Which lines of the data below include the string "lemma"? Return each of them.

[Stored items]
= Beginning of Section =
lemma kernel_pair_coequalizer:
  assumes h: "regular_epi C h"
  shows "is_coequalizer C (pb1 C h h) (pb2 C h h) h"
proof -
  have ha: "h \<in> Ar C" using regular_epi_Ar[OF h] .
  note pb = chosen_pullback[OF ha ha refl]
  note pp = pullback_parts[OF pb]
  let ?K = "pbO C h h" and ?k1 = "pb1 C h h" and ?k2 = "pb2 C h h"
  have un: "\<exists>!u. u \<in> hom C (Cod C h) (Cod C k) \<and> Cmp C u h = k"
    if k: "k \<in> Ar C" "Dom C k = Cod C ?k1" "Cmp C k ?k1 = Cmp C k ?k2" for k
  proof -
    have "\<exists>u\<in>hom C (Cod C h) (Cod C k). Cmp C u h = k"
    proof (rule regular_epi_descend[OF h k(1)])
      show "Dom C k = Dom C h" using k pp by simp
      fix x y assume x: "x \<in> Uob (Dom C h)" and y: "y \<in> Uob (Dom C h)" and e: "Uar h x = Uar h y"
      obtain z where z: "z \<in> Uob ?K" "Uar ?k1 z = x" "Uar ?k2 z = y" using pullback_elem_exists[OF pb x y e] by blast
      have "Uar (Cmp C k ?k1) z = Uar (Cmp C k ?k2) z" using k(3) by simp
      then show "Uar k x = Uar k y" using Uar_Cmp[of ?k1 k z] Uar_Cmp[of ?k2 k z] k pp z by simp
    qed
    then obtain u where u: "u \<in> hom C (Cod C h) (Cod C k)" "Cmp C u h = k" by blast
    have "v = u" if "v \<in> hom C (Cod C h) (Cod C k)" "Cmp C v h = k" for v
      using regular_epi_cancel[OF h that(1) u(1)] that(2) u(2) by simp
    then show ?thesis using u by blast
  qed
  show ?thesis unfolding is_coequalizer_def using pp ha un by auto
qed

lemma regular_epi_elem_surj:
  assumes h: "regular_epi C h" and y: "y \<in> Uob (Cod C h)"
  shows "\<exists>x\<in>Uob (Dom C h). Uar h x = y"
  using coequalizer_elem_surj[OF kernel_pair_equiv_rel[OF regular_epi_Ar[OF h]] kernel_pair_coequalizer[OF h] y] .

end

locale concrete_base_change = concrete_category + base_change
begin

lemma base_change_elem_square:
  assumes "a \<in> Ar C" "Cod C a = B" "z \<in> Uob (PbO a)"
  shows "Uar (Pb1 a) z \<in> Uob E" "Uar (Pb2 a) z \<in> Uob (Dom C a)" "Uar p (Uar (Pb1 a) z) = Uar a (Uar (Pb2 a) z)"
  using pullback_elem_square[OF base_change_pullback[OF assms(1,2)] assms(3)] by auto

lemma base_change_elem_exists:
  assumes "a \<in> Ar C" "Cod C a = B" "x \<in> Uob E" "y \<in> Uob (Dom C a)" "Uar p x = Uar a y"
  shows "\<exists>z\<in>Uob (PbO a). Uar (Pb1 a) z = x \<and> Uar (Pb2 a) z = y"
  using pullback_elem_exists[OF base_change_pullback[OF assms(1,2)]] assms by auto

lemma base_change_elem_unique:
  assumes "a \<in> Ar C" "Cod C a = B" "z \<in> Uob (PbO a)" "z' \<in> Uob (PbO a)"
  "Uar (Pb1 a) z = Uar (Pb1 a) z'" "Uar (Pb2 a) z = Uar (Pb2 a) z'"
  shows "z = z'"
  using pullback_elem_unique[OF base_change_pullback[OF assms(1,2)]] assms by auto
= End of Section =
**Result**
lemma kernel_pair_coequalizer:
lemma regular_epi_elem_surj:
lemma base_change_elem_square:
lemma base_change_elem_exists:
lemma base_change_elem_unique:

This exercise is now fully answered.